(Exercise material begins)
(* Descent lemma: the proximal terms |A_i|^2/beta |x_i - xh_i|^2 dominate the curvature
   of the penalty, so the model lies above f. *)
lemma ffun_le_prox_model:
  assumes "\<beta> > 0"
  shows "ff x \<beta> \<le> prox_model xh \<beta> x"
proof -
  define u where "u = A1 *v (fst x - fst xh)"
  define v where "v = A2 *v (snd x - snd xh)"
  have res_x: "res x = res xh + u + v"
    using res_diff[of x xh] unfolding u_def v_def by (simp add: algebra_simps)
  have "(norm (res x))\<^sup>2 \<le> (norm (res xh))\<^sup>2 + 2 * (res xh \<bullet> u) + 2 * (res xh \<bullet> v)
      + 2 * ((opnorm A1)\<^sup>2 * (norm (fst x - fst xh))\<^sup>2) + 2 * ((opnorm A2)\<^sup>2 * (norm (snd x - snd xh))\<^sup>2)"
    using norm_sq_sum3_le[of "res xh" u v] opnorm_sq_bound[of A1 "fst x - fst xh"]
      opnorm_sq_bound[of A2 "snd x - snd xh"] unfolding res_x u_def v_def by linarith
  then have "(norm (res x))\<^sup>2 / (2 * \<beta>) \<le> ((norm (res xh))\<^sup>2 + 2 * (res xh \<bullet> u) + 2 * (res xh \<bullet> v)
      + 2 * ((opnorm A1)\<^sup>2 * (norm (fst x - fst xh))\<^sup>2) + 2 * ((opnorm A2)\<^sup>2 * (norm (snd x - snd xh))\<^sup>2))
      / (2 * \<beta>)"
    using assms by (intro divide_right_mono) auto
  also have "\<dots> = prox_model xh \<beta> x - phi x"
  proof -
    have "res x - res xh = u + v" using res_x by simp
    then show ?thesis
      unfolding prox_model_def lin_penalty_def ystar_inner using assms
      by (simp add: inner_add_right field_simps)
  qed
  finally show ?thesis unfolding ffun_def by simp
qed

(* The proximal mapping P(xh;beta) minimizes the model over X: the model splits into a
   constant plus one term per block, and P_i minimizes the i-th term over X_i. *)
lemma Pmap_minimizes_prox_model:
  fixes xh :: "(real^'n1) \<times> (real^'n2)" and \<beta> :: real
  defines "xp \<equiv> Pmap \<phi>1 \<phi>2 A1 A2 b X1 X2 xh \<beta>"
  shows "xp \<in> X1 \<times> X2 \<and> (\<forall>u\<in>X1 \<times> X2. prox_model xh \<beta> xp \<le> prox_model xh \<beta> u)"
proof -
  define h1 where "h1 z = \<phi>1 z + ys xh \<beta> \<bullet> (A1 *v (z - fst xh))
      + (2 * (opnorm A1)\<^sup>2 / \<beta>) / 2 * (norm (z - fst xh))\<^sup>2" for z
  define h2 where "h2 z = \<phi>2 z + ys xh \<beta> \<bullet> (A2 *v (z - snd xh))
      + (2 * (opnorm A2)\<^sup>2 / \<beta>) / 2 * (norm (z - snd xh))\<^sup>2" for z
  have split: "prox_model xh \<beta> x = (norm (res xh))\<^sup>2 / (2 * \<beta>) + h1 (fst x) + h2 (snd x)" for x
    unfolding prox_model_def lin_penalty_def h1_def h2_def res_diff by (simp add: inner_add_right)
  have cont: "continuous_on X1 h1" "continuous_on X2 h2"
    unfolding h1_def h2_def
    by (intro continuous_intros continuous_phi bounded_linear.continuous_on[OF matrix_vector_mul_bounded_linear])+
  have "fst xp = (SOME z. z \<in> X1 \<and> (\<forall>w\<in>X1. h1 z \<le> h1 w))"
    and "snd xp = (SOME z. z \<in> X2 \<and> (\<forall>w\<in>X2. h2 z \<le> h2 w))"
    unfolding xp_def Pmap_def P1_def P2_def h1_def h2_def by simp_all
  then have "fst xp \<in> X1 \<and> (\<forall>w\<in>X1. h1 (fst xp) \<le> h1 w)" "snd xp \<in> X2 \<and> (\<forall>w\<in>X2. h2 (snd xp) \<le> h2 w)"
    using some_minimizer[OF compact_X(1) X1(1) cont(1)] some_minimizer[OF compact_X(2) X2(1) cont(2)]
    by simp_all
  then show ?thesis unfolding split by (auto simp: mem_Times_iff intro: add_mono)
qed
lemma amortized_fisher_le_env_fisher:
  assumes gen: "gen_fisher I" and faithful: "weakly_faithful I" and subadd: "subadditive_product I"
    and env: "env_parameterized dA dB dE N \<rho>E M"
  shows "amortized_fisher I dA dB \<theta> N \<le> I \<theta> \<rho>E"
  unfolding amortized_fisher_def
proof (rule SUP_least)
  fix p assume "p \<in> {(dR, \<rho>). 0 < dR \<and> (\<forall>t. density (dR * dA) (\<rho> t)) \<and> I \<theta> \<rho> < \<infinity>}"
  then obtain dR \<rho> where p: "p = (dR, \<rho>)" and dR: "0 < dR"
    and \<rho>: "\<forall>t. density (dR * dA) (\<rho> t)" and fin: "I \<theta> \<rho> < \<infinity>"
    by blast
  have M: "channel (dA * dE) dB M" and \<rho>E: "\<And>t. density dE (\<rho>E t)"
    and N_eq: "\<And>t. id_tensor dR dA dB (N t) (\<rho> t) = id_tensor dR (dA * dE) dB M (kron (\<rho> t) (\<rho>E t))"
    using env \<rho> dR unfolding env_parameterized_def by auto
  have "\<bar>I \<theta> \<rho>\<bar> \<noteq> \<infinity>"
    using gen_fisher_nonneg[OF gen faithful] \<rho> fin by fastforce
  moreover have "I \<theta> (\<lambda>t. id_tensor dR (dA * dE) dB M (kron (\<rho> t) (\<rho>E t)))
      \<le> I \<theta> (\<lambda>t. kron (\<rho> t) (\<rho>E t))"
  proof (rule gen_fisherD[OF gen id_tensor_channel[OF M dR]])
    show "density (dR * (dA * dE)) (kron (\<rho> t) (\<rho>E t))" for t
      using kron_density[OF \<rho>[rule_format] \<rho>E] by (simp add: mult.assoc)
  qed
  moreover have "I \<theta> (\<lambda>t. kron (\<rho> t) (\<rho>E t)) \<le> I \<theta> \<rho> + I \<theta> \<rho>E"
    using subadd \<rho> \<rho>E unfolding subadditive_product_def by blast
  ultimately show "I \<theta> (\<lambda>t. id_tensor (fst p) dA dB (N t) (snd p t)) - I \<theta> (snd p) \<le> I \<theta> \<rho>E"
    unfolding p by (simp add: N_eq ereal_minus_le add.commute)
qed

lemma env_fisher_le_amortized_fisher:
  assumes gen: "gen_fisher I" and faithful: "weakly_faithful I"
    and N: "\<And>t. channel dA dB (N t)"
    and dR: "0 < dR" and \<zeta>: "density (dR * dA) \<zeta>" and D: "channel (dR * dB) dE D"
    and seize: "\<And>t. D (id_tensor dR dA dB (N t) \<zeta>) = \<rho>E t"
  shows "I \<theta> \<rho>E \<le> amortized_fisher I dA dB \<theta> N"
proof -
  have \<zeta>_zero: "I \<theta> (\<lambda>t. \<zeta>) = 0"
    using faithful \<zeta> unfolding weakly_faithful_def by blast
  have "I \<theta> \<rho>E = I \<theta> (\<lambda>t. D (id_tensor dR dA dB (N t) \<zeta>))"
    using seize by simp
  also have "\<dots> \<le> I \<theta> (\<lambda>t. id_tensor dR dA dB (N t) \<zeta>) - I \<theta> (\<lambda>t. \<zeta>)"
    unfolding \<zeta>_zero using gen_fisherD[OF gen D] id_tensor_density[OF N dR \<zeta>] by simp
  also have "\<dots> \<le> amortized_fisher I dA dB \<theta> N"
    unfolding amortized_fisher_def using dR \<zeta> \<zeta>_zero
    by (intro SUP_upper2[where i = "(dR, \<lambda>t. \<zeta>)"]) auto
  finally show ?thesis .
qed

theorem mainTheorem19:
  fixes I :: fisher
    and dA dB dE :: nat
    and N :: "real \<Rightarrow> complex mat \<Rightarrow> complex mat"
    and \<rho>E :: "real \<Rightarrow> complex mat"
    and \<theta> :: real
  assumes "gen_fisher I"
    and "weakly_faithful I"
    and "subadditive_product I"
    and "env_seizable dA dB dE N \<rho>E"
  shows "amortized_fisher I dA dB \<theta> N = I \<theta> \<rho>E"
proof (rule antisym)
  obtain M where env: "env_parameterized dA dB dE N \<rho>E M"
    using assms(4) unfolding env_seizable_def by blast
  then show "amortized_fisher I dA dB \<theta> N \<le> I \<theta> \<rho>E"
    using amortized_fisher_le_env_fisher assms(1-3) by blast
  obtain dR \<zeta> D where "0 < dR" "density (dR * dA) \<zeta>" "channel (dR * dB) dE D"
    "\<And>t. D (id_tensor dR dA dB (N t) \<zeta>) = \<rho>E t"
    using assms(4) unfolding env_seizable_def by blast
  moreover have "\<And>t. channel dA dB (N t)"
    using env unfolding env_parameterized_def by blast
  ultimately show "I \<theta> \<rho>E \<le> amortized_fisher I dA dB \<theta> N"
    using env_fisher_le_amortized_fisher assms(1,2) by blast
qed

end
(Exercise material ends)
**Action item**
Within the data above, the lines from the one with "define h1 where" to the one with "(opnorm A2)\<^sup>2 /" must be repeated exactly; no other line belongs in the answer.

**Result for this exercise**
  define h1 where "h1 z = \<phi>1 z + ys xh \<beta> \<bullet> (A1 *v (z - fst xh))
      + (2 * (opnorm A1)\<^sup>2 / \<beta>) / 2 * (norm (z - fst xh))\<^sup>2" for z
  define h2 where "h2 z = \<phi>2 z + ys xh \<beta> \<bullet> (A2 *v (z - snd xh))
      + (2 * (opnorm A2)\<^sup>2 / \<beta>) / 2 * (norm (z - snd xh))\<^sup>2" for z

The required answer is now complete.